Let's make it concrete. Say you want to find a counterexample involving binary configurations of length n. Even at a modest n = 200, the space is 2^200, which is around 1.6 × 10^60. At a billion checks per second on a single core, here's how long that takes:

# Time to enumerate 2^n configurations at 1e9 checks/sec
import math

def years_to_enumerate(n, checks_per_sec=1e9):
    seconds = (2 ** n) / checks_per_sec
    return seconds / (365.25 * 24 * 3600)

for n in [40, 60, 80, 100, 200]:
    print(f'n={n}: {years_to_enumerate(n):.2e} years')
# n=40 finishes in ~18 minutes
# n=60 takes ~36 years
# n=200 takes ~5e43 years. Heat death first.

The doubling sneaks up on you. Adding twenty bits to the input doesn't make the problem twenty times harder — it makes it a million times harder.

And here's the part most folks miss: even if you had infinite compute, random sampling wouldn't save you. In a lot of these problems, counterexamples aren't uniformly distributed. They live in tiny, structured regions of the space. Sampling uniformly is like trying to find a specific grain of sand by teleporting to random spots on Earth.

Root cause: you're treating structure as if it doesn't exist

When brute force fails, it's almost always because the problem has structure you're throwing away:

Symmetry: many configurations are equivalent under relabeling, rotation, or reflection. If your problem has a symmetry group of size k, you're doing k times more work than necessary.
Locality: small changes to a candidate usually produce small changes in whether it's a counterexample. Brute force ignores this gradient entirely.
Constraint propagation: if a partial configuration already violates a necessary condition, every extension of it is doomed. Brute force often re-discovers this from scratch billions of times.

Fix any one of these and the practical search space can shrink by many orders of magnitude.

What actually works

Three families of techniques, roughly in order of how much problem-specific work they require.

1. SAT/SMT solvers (if your problem is encodable)

If you can phrase the existence of a counterexample as a Boolean satisfiability problem, modern solvers will outperform anything you'd write by hand. They do clause learning, non-chronological backtracking, and variable activity heuristics that took the research community decades to get right. The Z3 docs are a reasonable starting point.

from z3 import Solver, Bool, Or, Not, sat

# Toy example: find an assignment that satisfies a tricky clause set
x = [Bool(f'x_{i}') for i in range(50)]
s = Solver()

# Encode the constraints that define 'this is a counterexample'
# Real problems have hundreds to millions of clauses
s.add(Or(x[0], Not(x[1]), x[2]))
s.add(Or(Not(x[0]), x[3]))
# ... more clauses encoding the conjecture's negation

if s.check() == sat:
    model = s.model()
    # model is your counterexample
    print([model[v] for v in x])
else:
    print('No counterexample exists for this encoding')

The catch: encoding is an art. A bad encoding can make a tractable problem intractable.

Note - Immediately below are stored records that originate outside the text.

lemma cong_progression_iff:
  fixes K e :: nat and a c c' t x :: int
  assumes "coprime c (int e)" "0 < K" "[c * c' = 1] (mod int e)"
  shows "[a + int K * c * x = a + int K * t] (mod int K * int e) \<longleftrightarrow> [x = c' * t] (mod int e)"
proof -
  have "[a + int K * c * x = a + int K * t] (mod int K * int e)
          \<longleftrightarrow> [int K * (c * x) = int K * t] (mod int K * int e)"
    by (simp add: cong_add_lcancel mult.assoc)
  also have "\<dots> \<longleftrightarrow> [c * x = t] (mod int e)"
    using assms(2) by (simp add: cong_def mod_mult_mult1)
  also have "\<dots> \<longleftrightarrow> [c * x = c * (c' * t)] (mod int e)"
  proof -
    have "[c * (c' * t) = t] (mod int e)"
      using cong_scalar_right[OF assms(3), of t] by (simp add: ac_simps)
    then show ?thesis by (meson cong_sym cong_trans)
  qed
  also have "\<dots> \<longleftrightarrow> [x = c' * t] (mod int e)"
    using assms(1) by (rule cong_mult_lcancel)
  finally show ?thesis .
qed
lemma walk_u_v1_starts_at_u1:
  assumes "has_walk u v1 n" "n \<le> k"
  obtains m where "n = Suc m" "has_walk u1 v1 m"
proof -
  obtain m z where m: "n = Suc m" "A u z" "has_walk z v1 m"
    using has_walk_first_arc[OF assms(1) u_ne_v1] .
  have "z \<noteq> u2"
  proof
    assume "z = u2"
    then have "has_walk v v1 (Suc m)"
      using m arc_v_iff has_walk_ConsI by blast
    moreover have "has_walk v v1 (Suc 0)"
      using arc_v_iff by simp
    ultimately have "Suc m = Suc 0"
      by (rule has_walk_length_unique) (use assms(2) m k_ge_3 in simp_all)
    then show False
      using m \<open>z = u2\<close> v1_ne_u2 by simp
  qed
  then have "z = u1"
    using m(2) arc_u_iff by blast
  then show thesis
    using that m by simp
qed

lemma walk_u1_v1_length_k_of_walk_u_v:
  assumes "has_walk u v m" "m \<le> k"
  shows "has_walk u1 v1 k"
proof -
  obtain m' z where mz: "m = Suc m'" "A u z" "has_walk z v m'"
    using has_walk_first_arc[OF assms(1) u_ne_v] .
  have "m = k"
  proof (rule ccontr)
    assume "m \<noteq> k"
    have "has_walk u u2 (Suc m)" "has_walk u u2 (Suc 0)"
      using has_walk_snocI[OF assms(1)] arc_u_iff arc_v_iff by simp_all
    then have "Suc m = Suc 0"
      by (rule has_walk_length_unique) (use \<open>m \<noteq> k\<close> assms(2) k_ge_3 in simp_all)
    then show False
      using mz by simp
  qed
  have "z \<noteq> u2"
  proof
    assume "z = u2"
    then have "has_walk u2 u2 (Suc m')"
      using has_walk_snocI[OF mz(3)] arc_v_iff by simp
    then show False
      using no_short_cycle mz \<open>m = k\<close> by simp
  qed
  then have "z = u1"
    using mz(2) arc_u_iff by blast
  then show ?thesis
    using has_walk_snocI[OF mz(3)] arc_v_iff mz(1) \<open>m = k\<close> by simp
qed
theorem proposition5p9:
  shows "\<exists>C>0. \<exists>N. \<forall>n\<ge>N. \<exists>T owner c f.
           valid_instance n T owner c f \<and> subadditive_on T f \<and>
           opt_all n T owner c f > 0 \<and>
           C * sqrt (real n) * opt_equal n T owner c f \<le> opt_all n T owner c f"
proof (intro exI[of _ "1/40"] conjI exI[of _ "16::nat"] allI impI)
  fix n :: nat
  assume n: "16 \<le> n"
  define m where "m = n - 1"
  have n_Suc: "n = Suc m" using n unfolding m_def by simp
  interpret sqrt_gap_instance m "1 / sqrt n" "1 / (4 * real n)"
    using sqrt_gap_parameters(1)[OF n, folded m_def] .
  let ?opt_all = "opt_all n {..<n} id action_cost reward"
  let ?opt_equal = "opt_equal n {..<n} id action_cost reward"
  have lower: "1/32 \<le> ?opt_all"
    using sqrt_gap_parameters(2)[OF n, folded m_def] opt_all_lower_bound[folded n_Suc] by linarith
  have "?opt_equal \<le> 5 / (4 * sqrt n)"
    using sqrt_gap_parameters(3)[OF n, folded m_def] opt_equal_upper_bound[folded n_Suc] by linarith
  then have "1/40 * sqrt n * ?opt_equal \<le> 1/40 * sqrt n * (5 / (4 * sqrt n))"
    by (intro mult_left_mono) auto
  also have "\<dots> = 1/32" using n by simp
  finally have "1/40 * sqrt n * ?opt_equal \<le> ?opt_all" using lower by linarith
  moreover have "valid_instance n {..<n} id action_cost reward" "subadditive_on {..<n} reward"
    using valid_instance subadditive unfolding n_Suc .
  moreover have "0 < ?opt_all" using lower by linarith
  ultimately show "\<exists>T owner c f. valid_instance n T owner c f \<and> subadditive_on T f \<and>
      opt_all n T owner c f > 0 \<and> 1/40 * sqrt n * opt_equal n T owner c f \<le> opt_all n T owner c f"
    by blast
qed simp

end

2. Local search with smart neighborhoods

When SAT encoding is awkward, simulated annealing or its cousins often work surprisingly well. The trick is defining a continuous-ish "badness" score even when your problem is discrete, so you have a gradient to follow.

import random, math

def simulated_annealing(initial, neighbors, score, steps=100000):
    # score: lower is closer to being a counterexample, 0 means found one
    current = initial
    current_score = score(current)
    best, best_score = current, current_score
    T = 1.0  # initial temperature

    for step in range(steps):
        # Cool down slowly. Too fast and you get stuck in local minima
        T = 1.0 * (0.9999 ** step)
        candidate = random.choice(neighbors(current))
        cand_score = score(candidate)
        delta = cand_score - current_score

        # Accept improvements always, accept worse moves probabilistically
        if delta < 0 or random.random() < math.exp(-delta / T):
            current, current_score = candidate, cand_score
            if current_score < best_score:
                best, best_score = current, current_score
                if best_score == 0:
                    return best  # counterexample found
    return best

I've used this on graph problems where SAT solvers timed out. It won't find a needle in a 10^200 haystack on its own, but combined with a decent scoring function it routinely beats anything you'd brute-force.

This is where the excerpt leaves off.